Читать книгу: «История Б», страница 6
Запредельная мерзость и идиотизм этого венерически-шизофренического трэша долго не могли улечься в Лехиной голове. Уж, вроде, и постелили под ними двести пятьдесят, и сверху полтинничком придавили. А все равно, не вписывалось, не укладывалось.
Удивляло, что за всю жизнь Алексей не слышал ничего похожего на эту историю. То ли она была выдумана от начала до конца, то ли… То ли…
План дальнейших действий родился моментально.
– Знаешь, а мне твоя история понравилась.
– Слава богу, это не моя история.
– Н-да? Не твоя, говоришь…
Дмитрий вопросительно посмотрел на друга.
– Ты помнишь двоюродного мужа моей жены?
– Это, который ее…
– Да.
– Я ж его не знаю.
– Это понятно, что не знаешь. Мне бы тоже, сто лет его не знать. Я, похоже, придумал, как ему привет передать.
– Да? И как?
– Сам не догадываешься?
На Димкином лице было написано, что он в душе не чает.
– Так, Длинный нам, смотри, какую тему подсказал. Придется тебе побыть венерологом!
– ???
– Надо позвонить Сергею Сергеевичу и сказать, что Аня приболела, а его назвала, как своего партнера.
Дмитрия идея Лехи не особо вдохновила. Кое-как он попытался отвестись от этого дурацкого поручения. Пробовал перенести на завтра в надежде, что друга отпустит. Да куда там!
Предлагал он Алексею и самому позвонить. Тоже не прошло: Леха же с Сергеем Сергеевичем общался по телефону и тот может его узнать.
Впрочем, воодушевление друга помаленьку передалось и Дмитрию. В конце-то концов, он ведь тоже мимо рта не проносил. А градус зовет на подвиг! Протесты его становились все менее категоричными.

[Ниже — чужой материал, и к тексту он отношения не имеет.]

lemma null_sets_diff_UN_level_sets:
  assumes E: "E \<in> sets M" "emeasure M E < \<infinity>"
    and f: "\<And>m. f m \<in> L2 M" "\<And>m. L2_norm M (\<lambda>x. f m x - indicator E x) < 1 / Suc m"
  shows "E - (\<Union>m. {x\<in>space M. 1/2 < cmod (f m x)}) \<in> null_sets M"
proof -
  define N where "N = E - (\<Union>m. {x\<in>space M. 1/2 < cmod (f m x)})"
  have [measurable]: "f m \<in> borel_measurable M" for m
    using f(1) by (rule L2_borel_measurable)
  have N: "N \<in> sets M"
    using E(1) unfolding N_def by measurable
  have bound: "emeasure M N \<le> ennreal (4 / Suc m)" for m
  proof -
    define d where "d x = f m x - indicator E x" for x
    have d: "d \<in> L2 M"
      unfolding d_def using f(1) E by (intro L2_diff indicator_L2)
    have "N \<subseteq> {x\<in>space M. 1/2 \<le> cmod (d x)}"
    proof
      fix x assume x: "x \<in> N"
      then have "\<not> 1/2 < cmod (f m x)" "x \<in> E" "x \<in> space M"
        using sets.sets_into_space[OF E(1)] unfolding N_def by blast+
      moreover have "1 - cmod (f m x) \<le> cmod (f m x - 1)"
        using norm_triangle_ineq2[of 1 "f m x"] by (simp add: norm_minus_commute)
      ultimately show "x \<in> {x\<in>space M. 1/2 \<le> cmod (d x)}"
        by (simp add: d_def)
    qed
    then have "emeasure M N \<le> emeasure M {x\<in>space M. 1/2 \<le> cmod (d x)}"
      by (rule emeasure_mono) (use L2_borel_measurable[OF d] in measurable)
    also have "\<dots> \<le> ennreal (4 * (\<integral>x. (cmod (d x))\<^sup>2 \<partial>M))"
      using emeasure_L2_level_set_le[OF d, of "1/2"] by (simp add: power_divide mult.commute)
    also have "4 * (\<integral>x. (cmod (d x))\<^sup>2 \<partial>M) \<le> 4 / Suc m"
    proof -
      have "(\<integral>x. (cmod (d x))\<^sup>2 \<partial>M) = (L2_norm M d)\<^sup>2"
        by (simp add: L2_norm_def)
      also have "\<dots> \<le> (1 / Suc m)\<^sup>2"
        using f(2)[of m] by (intro power_mono) (auto simp: d_def L2_norm_def)
      also have "\<dots> \<le> 1 / Suc m"
        by (simp add: power2_eq_square divide_le_eq)
      finally show ?thesis
        by simp
    qed
    then have "ennreal (4 * (\<integral>x. (cmod (d x))\<^sup>2 \<partial>M)) \<le> ennreal (4 / Suc m)"
      by (rule ennreal_leI)
    finally show ?thesis .
  qed
  have "emeasure M N \<le> 0"
  proof (rule ennreal_le_epsilon)
    fix e :: real assume "0 < e"
    then obtain m where m: "inverse (real (Suc m)) < e / 4"
      using reals_Archimedean[of "e / 4"] by auto
    have "4 / real (Suc m) = 4 * inverse (real (Suc m))"
      by (rule divide_inverse)
    with m have "ennreal (4 / Suc m) \<le> ennreal e"
      by (intro ennreal_leI) linarith
    with bound[of m] show "emeasure M N \<le> 0 + ennreal e"
      by simp
  qed
  with N have "N \<in> null_sets M"
    by (intro null_setsI) simp_all
  then show ?thesis
    by (simp only: N_def)
qed
lemma ext_ricci_flow_in_quot_space:
  assumes "closed_pseudo_3_manifold T P" "\<exists>l. zero_curvature T P l"
    and "in_quot_space T P l0" "ext_ricci_flow_solution T P l l0" "t \<ge> 0"
  shows "in_quot_space T P (l t)"
  unfolding in_quot_space_def
proof
  fix w
  obtain lz where "zero_curvature T P lz"
    using assms(2) by blast
  have "(\<Sum>e\<in>Edges T P. l t e * vact T P w (\<lambda>_. 0) e) = (\<Sum>e\<in>Edges T P. l 0 e * vact T P w (\<lambda>_. 0) e)"
    using assms(4,5) inner_gen_curv_vact_eq_zero[OF assms(1) \<open>zero_curvature T P lz\<close>]
    by (intro flow_inner_const[where F = "gen_curv T P"]) (auto simp: ext_ricci_flow_solution_def)
  also have "\<dots> = (\<Sum>e\<in>Edges T P. l0 e * vact T P w (\<lambda>_. 0) e)"
    using assms(4) unfolding ext_ricci_flow_solution_def by simp
  also have "\<dots> = 0"
    using assms(3) unfolding in_quot_space_def by blast
  finally show "(\<Sum>e\<in>Edges T P. l t e * vact T P w (\<lambda>_. 0) e) = 0" .
qed

theorem mainTheorem9:
  fixes T :: "'t set" and P :: "'t pairing"
    and l0 l0T :: "'t emetric" and w :: "'t vweight"
  assumes "closed_pseudo_3_manifold T P"
    and "\<exists>l. zero_curvature T P l"
    and "in_quot_space T P l0T"
    and "\<forall>e\<in>Edges T P. l0 e = vact T P w l0T e"
  shows "\<forall>l lT. ext_ricci_flow_solution T P l l0 \<and> ext_ricci_flow_solution T P lT l0T \<longrightarrow>
           (\<forall>t\<ge>0. (\<forall>e\<in>Edges T P. l t e = vact T P w (lT t) e) \<and> in_quot_space T P (lT t))"
proof (intro allI impI)
  fix l lT and t :: real
  assume "ext_ricci_flow_solution T P l l0 \<and> ext_ricci_flow_solution T P lT l0T" and t: "t \<ge> 0"
  then have l: "ext_ricci_flow_solution T P l l0" and lT: "ext_ricci_flow_solution T P lT l0T"
    by simp_all
  have "\<forall>e\<in>Edges T P. l t e = vact T P w (lT t) e"
    using ext_ricci_flow_unique[OF assms(1) l ext_ricci_flow_solution_vact[OF assms(1) lT] assms(4) t]
    by blast
  moreover have "in_quot_space T P (lT t)"
    using assms(1-3) lT t by (rule ext_ricci_flow_in_quot_space)
  ultimately show "(\<forall>e\<in>Edges T P. l t e = vact T P w (lT t) e) \<and> in_quot_space T P (lT t)"
    by blast
qed

end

– Так ты мне что, со своего телефона звонить предлагаешь?
– Ну, да!
– А если он перезвонит?
– Что ты как маленький! Отморозишься, скажешь: я не я и лошадь не моя. Да, ты сим-карты и так каждую неделю меняешь. Давай, не стесняйся!
– Боюсь, не выдержу. Рассмеюсь в трубку.
– А ты вспомни перед звонком что-нибудь печальное. Да вот, хоть про Длинного!

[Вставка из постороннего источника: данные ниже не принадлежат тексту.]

lemma mpoly_extend: "k \<le> m \<Longrightarrow> mpoly m (\<lambda>j. if j \<le> k then c j else 0) = mpoly k c"
  unfolding mpoly_def fun_eq_iff by (auto intro!: sum.mono_neutral_cong_right split: if_splits)

lemma continuous_on_mpoly: "continuous_on UNIV (mpoly k c)"
  unfolding mpoly_def by (intro continuous_intros)

lemma has_vector_derivative_mpoly_Suc:
  "(mpoly (Suc k) c has_vector_derivative mpoly k (\<lambda>j. real (Suc j) *\<^sub>R c (Suc j)) x) (at x)"
proof -
  have "(mpoly (Suc k) c has_vector_derivative (\<Sum>j\<le>Suc k. (real j * x ^ (j - 1)) *\<^sub>R c j)) (at x)"
    unfolding mpoly_def by (rule has_vector_derivative_sum) (auto intro!: derivative_eq_intros)
  also have "(\<Sum>j\<le>Suc k. (real j * x ^ (j - 1)) *\<^sub>R c j) = mpoly k (\<lambda>j. real (Suc j) *\<^sub>R c (Suc j)) x"
    unfolding mpoly_def by (subst sum.atMost_Suc_shift) (simp add: algebra_simps)
  finally show ?thesis .
qed

lemma vderiv_mpoly_Suc: "vderiv (mpoly (Suc k) c) = mpoly k (\<lambda>j. real (Suc j) *\<^sub>R c (Suc j))"
  unfolding vderiv_def using has_vector_derivative_mpoly_Suc[THEN vector_derivative_at]
  by (auto simp: fun_eq_iff)

lemma vderiv_const: "vderiv (\<lambda>x. c) = (\<lambda>x. 0)"
  unfolding vderiv_def using vector_derivative_at[OF has_vector_derivative_const]
  by (auto simp: fun_eq_iff)

lemma vderivs_0 [simp]: "vderivs 0 f = f"
  unfolding vderivs_def by simp

lemma vderivs_Suc: "vderivs (Suc i) f = vderiv (vderivs i f)"
  unfolding vderivs_def by simp

lemma vderivs_Suc_right: "vderivs (Suc i) f = vderivs i (vderiv f)"
  unfolding vderivs_def by (simp add: funpow_Suc_right del: funpow.simps)

lemma vderivs_const_0: "vderivs i (\<lambda>x. 0) = (\<lambda>x. 0)"
  by (induction i) (auto simp: vderivs_Suc vderiv_const)

lemma vderivs_mpoly:
  "vderivs i (mpoly k c) =
     (if i \<le> k then mpoly (k - i) (\<lambda>j. (fact (j + i) / fact j) *\<^sub>R c (j + i)) else (\<lambda>x. 0))"
proof (induction i arbitrary: k c)
  case 0
  then show ?case by simp
next
  case (Suc i)
  show ?case
  proof (cases k)
    case 0
    then show ?thesis by (simp add: vderivs_Suc_right vderiv_const vderivs_const_0)
  next
    case (Suc k')
    then have "vderivs (Suc i) (mpoly k c) = vderivs i (mpoly k' (\<lambda>j. real (Suc j) *\<^sub>R c (Suc j)))"
      by (simp add: vderivs_Suc_right vderiv_mpoly_Suc)
    then show ?thesis
      unfolding Suc.IH using Suc
      by (auto intro!: arg_cong[where f="mpoly _"] arg_cong2[where f=scaleR]
          simp: fun_eq_iff scaleR_scaleR mult.commute)
  qed
qed

lemma has_vector_derivative_vderivs_mpoly:
  "(vderivs i (mpoly k c) has_vector_derivative vderivs (Suc i) (mpoly k c) x) (at x)"
proof -
  have "(mpoly m d has_vector_derivative vderiv (mpoly m d) x) (at x)" for m and d :: "nat \<Rightarrow> 'a"
    by (cases m) (simp add: vderiv_const, metis has_vector_derivative_mpoly_Suc vderiv_mpoly_Suc)
  then show ?thesis
    unfolding vderivs_Suc by (auto simp: vderivs_mpoly vderiv_const)
qed

lemma mpoly_le_mono: "mpoly_le k P \<Longrightarrow> k \<le> m \<Longrightarrow> mpoly_le m P"
  unfolding mpoly_le_iff by (metis mpoly_extend)

lemma mpoly_le_zero: "mpoly_le k (\<lambda>x. 0)"
  unfolding mpoly_le_def by (rule exI[of _ "\<lambda>_. 0"]) simp

lemma mpoly_le_add: "mpoly_le k P \<Longrightarrow> mpoly_le k R \<Longrightarrow> mpoly_le k (\<lambda>x. P x + R x)"
proof -
  assume "mpoly_le k P" "mpoly_le k R"
  then obtain c d where "P = mpoly k c" "R = mpoly k d" unfolding mpoly_le_iff by blast
  then have "(\<lambda>x. P x + R x) = mpoly k (\<lambda>j. c j + d j)"
    by (simp add: mpoly_def fun_eq_iff scaleR_add_right sum.distrib)
  then show ?thesis unfolding mpoly_le_iff by blast
qed

lemma mpoly_le_uminus: "mpoly_le k P \<Longrightarrow> mpoly_le k (\<lambda>x. - P x)"
proof -
  assume "mpoly_le k P"
  then obtain c where "P = mpoly k c" unfolding mpoly_le_iff by blast
  then have "(\<lambda>x. - P x) = mpoly k (\<lambda>j. - c j)" by (simp add: mpoly_def fun_eq_iff sum_negf)
  then show ?thesis unfolding mpoly_le_iff by blast
qed

lemma mpoly_le_diff: "mpoly_le k P \<Longrightarrow> mpoly_le k R \<Longrightarrow> mpoly_le k (\<lambda>x. P x - R x)"
  using mpoly_le_add[of k P "\<lambda>x. - R x"] mpoly_le_uminus by auto

lemma mpoly_le_sum:
  "finite I \<Longrightarrow> (\<And>i. i \<in> I \<Longrightarrow> mpoly_le k (f i)) \<Longrightarrow> mpoly_le k (\<lambda>x. \<Sum>i\<in>I. f i x)"
  by (induction I rule: finite_induct) (auto intro: mpoly_le_add mpoly_le_zero)

lemma mpoly_le_lmult: "mpoly_le k P \<Longrightarrow> mpoly_le k (\<lambda>x. M ** P x)"
proof -
  assume "mpoly_le k P"
  then obtain c where "P = mpoly k c" unfolding mpoly_le_iff by blast
  then have "(\<lambda>x. M ** P x) = mpoly k (\<lambda>j. M ** c j)"
    by (simp add: mpoly_def fun_eq_iff matrix_mult_sum_right matrix_mult_scaleR_right)
  then show ?thesis unfolding mpoly_le_iff by blast
qed

lemma mpoly_le_rmult: "mpoly_le k P \<Longrightarrow> mpoly_le k (\<lambda>x. P x ** M)"
proof -
  assume "mpoly_le k P"
  then obtain c where "P = mpoly k c" unfolding mpoly_le_iff by blast
  then have "(\<lambda>x. P x ** M) = mpoly k (\<lambda>j. c j ** M)"
    by (simp add: mpoly_def fun_eq_iff matrix_mult_sum_left matrix_mult_scaleR_left)
  then show ?thesis unfolding mpoly_le_iff by blast
qed

lemma mpoly_le_xmult: "mpoly_le k P \<Longrightarrow> mpoly_le (Suc k) (\<lambda>x. x *\<^sub>R P x)"
proof -
  assume "mpoly_le k P"
  then obtain c where "P = mpoly k c" unfolding mpoly_le_iff by blast
  then have "(\<lambda>x. x *\<^sub>R P x) = mpoly (Suc k) (\<lambda>j. if j = 0 then 0 else c (j - 1))"
    by (simp add: fun_eq_iff mpoly_Suc_shift)
  then show ?thesis unfolding mpoly_le_iff by blast
qed

lemma mpoly_le_mult: "mpoly_le a P \<Longrightarrow> mpoly_le b R \<Longrightarrow> mpoly_le (a + b) (\<lambda>x. P x ** R x)"
proof (induction b arbitrary: R)
  case 0
  then obtain c where "R = mpoly 0 c" unfolding mpoly_le_iff by blast
  then show ?case using mpoly_le_rmult[OF "0.prems"(1)] by simp
next
  case (Suc b)
  then obtain d where d: "R = mpoly (Suc b) d" unfolding mpoly_le_iff by blast
  have "mpoly_le b (mpoly b (\<lambda>j. d (Suc j)))" unfolding mpoly_le_iff by blast
  from mpoly_le_xmult[OF Suc.IH[OF Suc.prems(1) this]]
  have "mpoly_le (Suc (a + b)) (\<lambda>x. x *\<^sub>R (P x ** mpoly b (\<lambda>j. d (Suc j)) x))" .
  moreover have "mpoly_le (a + Suc b) (\<lambda>x. P x ** d 0)"
    using mpoly_le_rmult[OF Suc.prems(1)] mpoly_le_mono le_add1 by blast
  moreover have "(\<lambda>x. P x ** R x) = (\<lambda>x. P x ** d 0 + x *\<^sub>R (P x ** mpoly b (\<lambda>j. d (Suc j)) x))"
    unfolding d mpoly_Suc_shift by (simp add: matrix_add_ldistrib matrix_mult_scaleR_right)
  ultimately show ?case using mpoly_le_add by simp
qed

lemma continuous_on_mpoly_le: "mpoly_le k P \<Longrightarrow> continuous_on UNIV P"
  unfolding mpoly_le_iff using continuous_on_mpoly by blast

lemma mpoly_le_vderivs: "mpoly_le k P \<Longrightarrow> mpoly_le (k - i) (vderivs i P)"
  unfolding mpoly_le_iff by (auto simp: vderivs_mpoly intro: exI[of _ "\<lambda>_. 0"])

lemma vderivs_mpoly_le_eq_0: "mpoly_le k P \<Longrightarrow> k < i \<Longrightarrow> vderivs i P x = 0"
  unfolding mpoly_le_iff by (auto simp: vderivs_mpoly)

lemma smooth_on_mpoly_le: "mpoly_le k P \<Longrightarrow> smooth_on S P"
  unfolding smooth_on_def mpoly_le_iff using has_vector_derivative_vderivs_mpoly by blast

lemma mpoly_deg_imp_mpoly_le: "mpoly_deg k P \<Longrightarrow> mpoly_le k P"
  unfolding mpoly_deg_def mpoly_le_def by blast

lemma vderivs_mpoly_deg_top: "mpoly_deg k P \<Longrightarrow> \<exists>M. invertible M \<and> vderivs k P = (\<lambda>x. M)"
proof -
  assume "mpoly_deg k P"
  then obtain c where c: "invertible (c k)" "P = mpoly k c"
    unfolding mpoly_deg_def mpoly_def by (auto simp: fun_eq_iff)
  then have "vderivs k P = (\<lambda>x. fact k *\<^sub>R c k)" by (simp add: vderivs_mpoly)
  moreover have "invertible (fact k *\<^sub>R c k)" using c by (intro scalar_invertible) auto
  ultimately show ?thesis by blast
qed

lemma mpoly_deg_0_mat_1: "mpoly_deg 0 (\<lambda>x. mat 1)"
  unfolding mpoly_deg_def by (rule exI[of _ "\<lambda>_. mat 1"]) (simp add: invertible_def)

lemma mpoly_deg_lmult: "invertible M \<Longrightarrow> mpoly_deg k P \<Longrightarrow> mpoly_deg k (\<lambda>x. M ** P x)"
proof -
  assume M: "invertible M" and "mpoly_deg k P"
  then obtain c where c: "invertible (c k)" "\<forall>x. P x = (\<Sum>j\<le>k. x ^ j *\<^sub>R c j)"
    unfolding mpoly_deg_def by blast
  then have "\<forall>x. M ** P x = (\<Sum>j\<le>k. x ^ j *\<^sub>R (M ** c j))"
    by (simp add: matrix_mult_sum_right matrix_mult_scaleR_right)
  then show ?thesis
    unfolding mpoly_deg_def using invertible_mult[OF M c(1)] by (intro exI[of _ "\<lambda>j. M ** c j"]) auto
qed

lemma mpoly_deg_Suc: "mpoly_deg n P \<Longrightarrow> mpoly_le n R \<Longrightarrow> mpoly_deg (Suc n) (\<lambda>x. x *\<^sub>R P x + R x)"
proof -
  assume "mpoly_deg n P" "mpoly_le n R"
  then obtain c d where c: "invertible (c n)" "P = mpoly n c" and d: "R = mpoly n d"
    unfolding mpoly_deg_def mpoly_le_iff mpoly_def by (auto simp: fun_eq_iff)
  define e where "e j = (if j = 0 then 0 else c (j - 1)) + (if j \<le> n then d j else 0)" for j
  have "mpoly (Suc n) e x = x *\<^sub>R P x + R x" for x
  proof -
    have "mpoly (Suc n) e x = mpoly (Suc n) (\<lambda>j. if j = 0 then 0 else c (j - 1)) x
        + mpoly (Suc n) (\<lambda>j. if j \<le> n then d j else 0) x"
      unfolding mpoly_def e_def by (simp add: scaleR_add_right sum.distrib)
    then show ?thesis
      unfolding c d mpoly_Suc_shift[of n "\<lambda>j. if j = 0 then 0 else c (j - 1)"]
        mpoly_extend[OF le_SucI[OF order_refl]]
      by simp
  qed
  moreover have "e (Suc n) = c n" unfolding e_def by simp
  ultimately show ?thesis
    unfolding mpoly_deg_def mpoly_def using c(1) by (intro exI[of _ e]) auto
qed

section \<open>Higher derivatives of products\<close>

lemma vderivs_cong_open:
  assumes "open S" "\<And>y. y \<in> S \<Longrightarrow> f y = g y" "x \<in> S"
  shows "vderivs k f x = vderivs k g x"
  using assms(3)
proof (induction k arbitrary: x)
  case 0
  then show ?case using assms(2) by simp
next
  case (Suc k)
  have "(vderivs k f has_vector_derivative f') (at x) \<longleftrightarrow> (vderivs k g has_vector_derivative f') (at x)"
    for f'
    using has_vector_derivative_transform_within_open[OF _ assms(1) Suc.prems] Suc.IH by metis
  then show ?case unfolding vderivs_Suc vderiv_def vector_derivative_def by simp
qed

– Ну, вот нахрена ты напомнил!
В очередной раз поржав над злоключениями Длинного, друзья успокоились и приняли сосредоточенный вид. Немного порепетировав, Дмитрий был готов.
– Давай уже, звони!
– Слушай, а зачем тебе это нужно? – спросил Димка и неожиданно серьезно посмотрел на друга.
Не знаю, может это и не он, а сам разум, чистый разум задал тогда этот вопрос. В любом случае, он так и повис в воздухе.
Идея была инновационна, как шило в одном месте, и требовала немедленного воплощения в жизнь!
– А им это зачем было нужно? Что, своих жен и мужей не хватало?
Сдавшись и сделав серьезное лицо, Дмитрий набрал продиктованный Лехой номер и прикрыл рукой микрофон от галдящих звуков кофейни.
– Абонент не абонент, – сказал он через несколько секунд и нажал отбой.
Алексей с недоверием посмотрел на друга.
– Набери-ка еще раз, – сказал он, и, взяв телефон, приложил его к своему уху.
Казенный голос в трубке известил Алексея о том, что сегодня озвучить Сергею Сергеевичу его «диагноз» не получится.
Димка выдохнул с облегчением:
– Давай попозже попробуем набрать.
Но «попозже» Леху категорически не устраивало. Работа мысли отразилась на его лице, взгляд задумчиво блуждал и вдруг остановился на Настиной спине.
– А чего мы паримся? Позвоним его жене! Она у него строгая, шкуру с живого спустит.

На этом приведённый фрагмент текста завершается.